Tous les meubles devront-ils obligatoirement porter un QR code ?

Ce n’est pas décidé aujourd’hui. L’ESPR prévoit un support de données permettant l’accès au passeport, mais la forme précise et le niveau d’identification seront déterminés par les règles propres à chaque catégorie de produit.

Les fabricants marocains seront-ils concernés ?

Lorsque les futures obligations sectorielles entreront en application, elles concerneront les produits relevant de leur périmètre lorsqu’ils sont mis sur le marché européen, y compris les produits importés. Les exportateurs marocains concernés devront donc respecter les exigences applicables au moment de leur entrée en vigueur.

Que peut faire une entreprise dès maintenant ?
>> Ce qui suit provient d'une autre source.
(* Let $k\ge2$ and $t\ge1$ be integers. Let $K$ be the number of inner blocks of $0$s of length at least two in the binary expansion of $t$, and $L$ the number of maximal blocks of $1$s of length $\le k$ in the binary expansion of $t$. Then \[m(t)\ge 4+K+\max\Bigl(0,\Bigl\lfloor\frac{L-2K-1}{2}\Bigr\rfloor\Bigr)\frac{k}{2^k}.\] In particular, for all integers $D_0\ge2$ and $k\ge2$ there exists a bound $B=B(D_0,k)$ such that for all integers $t\ge1$ with $D(t)\le D_0$, the number of inner blocks of $0$s of length $\ge2$ in $t$ and the number of maximal blocks of $1$s of length $\le k$ in $t$ are both bounded by $B$.
   Context: $s(n)$ is the number of $1$s in the binary expansion of $n\ge0$; $\delta(j,t)=\lim_{N\to\infty}\frac1N|\{0\le n<N: s(n+t)-s(n)=j\}|$ for $j\in\mathbb Z$, a probability distribution on $\mathbb Z$, and $\kappa_j(t)$ denotes its $j$-th cumulant ($\log\sum_k\delta(k,t)e^{2\pi ik\vartheta}=\sum_{j\ge0}\frac{\kappa_j(t)}{j!}(2\pi i\vartheta)^j$ near $\vartheta=0$). Set $D(t)=\kappa_2(t)-\kappa_3(t)/3$ and $m(t)=\min(D(t),D(t+1))$. A maximal block of $1$s is a maximal run of consecutive binary digits equal to $1$; its length is the number of digits. An inner block of $0$s is a maximal run of consecutive binary digits equal to $0$ that is bordered by a digit $1$ on both sides (so trailing zeros at the least significant end are not inner blocks). *)

theory Defs
  imports "HOL-Analysis.Analysis"
begin

fun bsum :: "nat \<Rightarrow> nat" where
  "bsum n = (if n = 0 then 0 else n mod 2 + bsum (n div 2))"

declare bsum.simps[simp del]

definition delta :: "int \<Rightarrow> nat \<Rightarrow> real" where
  "delta j t = lim (\<lambda>N::nat. real (card {n \<in> {..<N}. int (bsum (n + t)) - int (bsum n) = j}) / real N)"

definition charf :: "nat \<Rightarrow> complex \<Rightarrow> complex" where
  "charf t \<theta> = infsum (\<lambda>k::int. complex_of_real (delta k t) * exp (2 * of_real pi * \<i> * of_int k * \<theta>)) UNIV"

text \<open>j-th cumulant: log charf t theta = sum_j kappa_j/j! (2 pi i theta)^j near 0,
  i.e. kappa_j = (d/dtheta)^j log charf t (0) / (2 pi i)^j.\<close>
definition cumulant :: "nat \<Rightarrow> nat \<Rightarrow> real" where
  "cumulant j t = Re (((deriv ^^ j) (\<lambda>\<theta>. Ln (charf t \<theta>)) 0) / (2 * of_real pi * \<i>) ^ j)"

definition Dfun :: "nat \<Rightarrow> real" where
  "Dfun t = cumulant 2 t - cumulant 3 t / 3"

definition mfun :: "nat \<Rightarrow> real" where
  "mfun t = min (Dfun t) (Dfun (t + 1))"

text \<open>Maximal blocks of 1s, as pairs (a,b) of digit positions a..b (LSB = position 0).\<close>
definition one_blocks :: "nat \<Rightarrow> (nat \<times> nat) set" where
  "one_blocks t = {(a, b). a \<le> b \<and> (\<forall>i\<in>{a..b}. bit t i) \<and> (a = 0 \<or> \<not> bit t (a - 1)) \<and> \<not> bit t (Suc b)}"

definition inner_zero_blocks :: "nat \<Rightarrow> (nat \<times> nat) set" where
  "inner_zero_blocks t = {(a, b). 0 < a \<and> a \<le> b \<and> (\<forall>i\<in>{a..b}. \<not> bit t i) \<and> bit t (a - 1) \<and> bit t (Suc b)}"

definition Kcount :: "nat \<Rightarrow> nat" where
  "Kcount t = card {(a, b) \<in> inner_zero_blocks t. b - a + 1 \<ge> 2}"

definition Lcount :: "nat \<Rightarrow> nat \<Rightarrow> nat" where
  "Lcount k t = card {(a, b) \<in> one_blocks t. b - a + 1 \<le> k}"

end

theory Submission
  imports Defs "HOL-Complex_Analysis.Complex_Analysis"
begin

(* The densities satisfy delta(j, 2t) = delta(j, t) and
   delta(j, 2t+1) = (delta(j-1, t) + delta(j+1, t+1)) / 2, so near 0 the characteristic functions
   satisfy chi(2t+1)(theta) = (e(theta) chi(t)(theta) + e(-theta) chi(t+1)(theta)) / 2 with
   e(theta) = exp(2 pi i theta).  All these distributions are centred, so kappa_2 and kappa_3 are read
   off the second and third derivatives of chi(t) at 0, and differentiating the functional equation
   gives D(2t) = D(t) and D(2t+1) = D(t+1) + g(t), where g(t) and w(t) = kappa_2(t) - kappa_2(t+1)
   obey affine recursions.  Building t digit by digit from its most significant end, an invariant on
   D(t), D(t+1), w(t) and g(t), split according to whether t ends in 1, 10 or 00, shows
   m(t) >= 4 + K + c (L - K - 1) whenever c <= l / 2^l for 1 <= l <= k: every inner block of zeros of
   length at least two contributes 1, and every block of l <= k ones contributes at least l / 2^l.
   Taking c = k / 2^k and c = 0 gives the bound; since D(t) >= m(t), an upper bound on D(t) bounds
   first K and then L. *)

section \<open>Digit sums and the densities delta\<close>

lemma binary_induct [case_names zero one double Suc_double]:
  assumes "P 0" "P 1"
    and "\<And>u. 1 \<le> u \<Longrightarrow> P u \<Longrightarrow> P (2 * u)"
    and "\<And>u. 1 \<le> u \<Longrightarrow> P u \<Longrightarrow> P (Suc u) \<Longrightarrow> P (Suc (2 * u))"
  shows "P t"
proof (induction t rule: less_induct)
  case (less t)
  show ?case
  proof (cases "t \<le> 1")
    case True
    then show ?thesis using assms(1,2) by (auto simp: le_Suc_eq)
  next
    case False
    define u where "u = t div 2"
    have "1 \<le> u" "t = 2 * u \<or> t = Suc (2 * u)"
      using False unfolding u_def by presburger+
    then show ?thesis using assms(3,4) less by auto
  qed
qed

lemma bsum_0 [simp]: "bsum 0 = 0"
  by (simp add: bsum.simps)

lemma bsum_double [simp]: "bsum (2 * m) = bsum m"
  by (subst bsum.simps) auto

lemma bsum_Suc_double [simp]: "bsum (Suc (2 * m)) = Suc (bsum m)"
  by (subst bsum.simps) auto

lemma bsum_Suc_le: "bsum (Suc n) \<le> Suc (bsum n)"
proof (induction n rule: less_induct)
  case (less n)
  show ?case
  proof (cases "even n")
    case True
    then show ?thesis by (auto elim: evenE)
  next
    case False
    then obtain m where n: "n = Suc (2 * m)" by (auto elim: oddE)
    have "Suc n = 2 * Suc m" using n by simp
    then have "bsum (Suc n) = bsum (Suc m)" by (simp only: bsum_double)
    then show ?thesis using less[of m] n by simp
  qed
qed

definition diff_count :: "nat \<Rightarrow> int \<Rightarrow> nat \<Rightarrow> nat" where
  "diff_count N j t = card {n \<in> {..<N}. int (bsum (n + t)) - int (bsum n) = j}"
(* Let $\Omega\subset\mathbb{R}^N$ be a bounded strictly convex domain having an interior tangent ball at every point of $\partial\Omega$. Let $\mu_1>0$ and $\psi_1\in C(\overline\Omega)$ with $\psi_1>0$ in $\Omega$, $\psi_1=0$ on $\partial\Omega$, $-\lambda_N(D^2\psi_1)=\mu_1\psi_1$ in $\Omega$ (viscosity sense), and let $\varphi_1\in C(\overline\Omega)$ with $\varphi_1<0$ in $\Omega$, $\varphi_1=0$ on $\partial\Omega$, $-\lambda_1(D^2\varphi_1)=\mu_1\varphi_1$ in $\Omega$; assume $\|\psi_1\|_\infty=\|\varphi_1\|_\infty=1$. Then there exists $C>0$ such that for all $x\in\Omega$, \[ \psi_1(x)\ge C\operatorname{dist}(x,\partial\Omega)\quad\text{and}\quad \varphi_1(x)\le -C\operatorname{dist}(x,\partial\Omega). \]
   Context: $\lambda_1(A)$ and $\lambda_N(A)$ are the smallest and largest eigenvalues of a symmetric matrix $A$. The equations are understood in the viscosity sense. *)

theory Defs
  imports "HOL-Analysis.Analysis"
begin

definition eigenvalues :: "real^'n^'n \<Rightarrow> real set" where
  "eigenvalues A = {c. \<exists>v. v \<noteq> 0 \<and> A *v v = c *\<^sub>R v}"

definition lambda_min :: "real^'n^'n \<Rightarrow> real" where
  "lambda_min A = Inf (eigenvalues A)"

definition lambda_max :: "real^'n^'n \<Rightarrow> real" where
  "lambda_max A = Sup (eigenvalues A)"

definition C2_hess :: "(real^'n \<Rightarrow> real) \<Rightarrow> real^'n \<Rightarrow> real^'n^'n \<Rightarrow> bool" where
  "C2_hess phi x0 X \<longleftrightarrow>
     (\<exists>e>0. \<exists>g H. X = H x0 \<and> continuous_on (ball x0 e) H \<and>
        (\<forall>x\<in>ball x0 e. (phi has_derivative (\<lambda>h. g x \<bullet> h)) (at x) \<and>
                        (g has_derivative (\<lambda>h. H x *v h)) (at x)))"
Structurer ses nomenclatures, fiabiliser ses références matières et fournisseurs, documenter les composants remplaçables, clarifier la responsabilité des données produit et suivre l’évolution de l’acte sectoriel mobilier.

Sources principales

  • Commission européenne — Digital Product Passport et calendrier ESPR.
  • Commission européenne — mise en service du Digital Product Passport Registry, 20 juillet 2026.
  • Règlement (UE) 2024/1781 relatif à l’écoconception pour des produits durables.
  • ESPR Preparatory Study & Impact Assessment Study for Furniture — calendrier et consultations 2026-2028.
  • CORDIS / Commission européenne — projet Cir4Fun.
  • Cir4Fun — développement du Furniture Digital Product Passport, juillet 2026.
  • European Furniture Industries Confederation — contribution à l’étude ESPR mobilier, juillet 2026.
  • Joint Research Centre — analyse des produits prioritaires ESPR et données relatives aux déchets de mobilier.
  • Commission européenne — réglementation EUDR et mise à jour de juillet 2026.
  • Commission européenne — relations commerciales Union européenne–Maroc.

Note éditoriale : le contenu définitif du futur passeport numérique du mobilier n’est pas encore fixé. Les exemples d’informations présentés dans cet article décrivent le cadre ESPR et les expérimentations actuellement menées dans le secteur et ne doivent pas être interprétés comme la liste définitive des futures obligations réglementaires.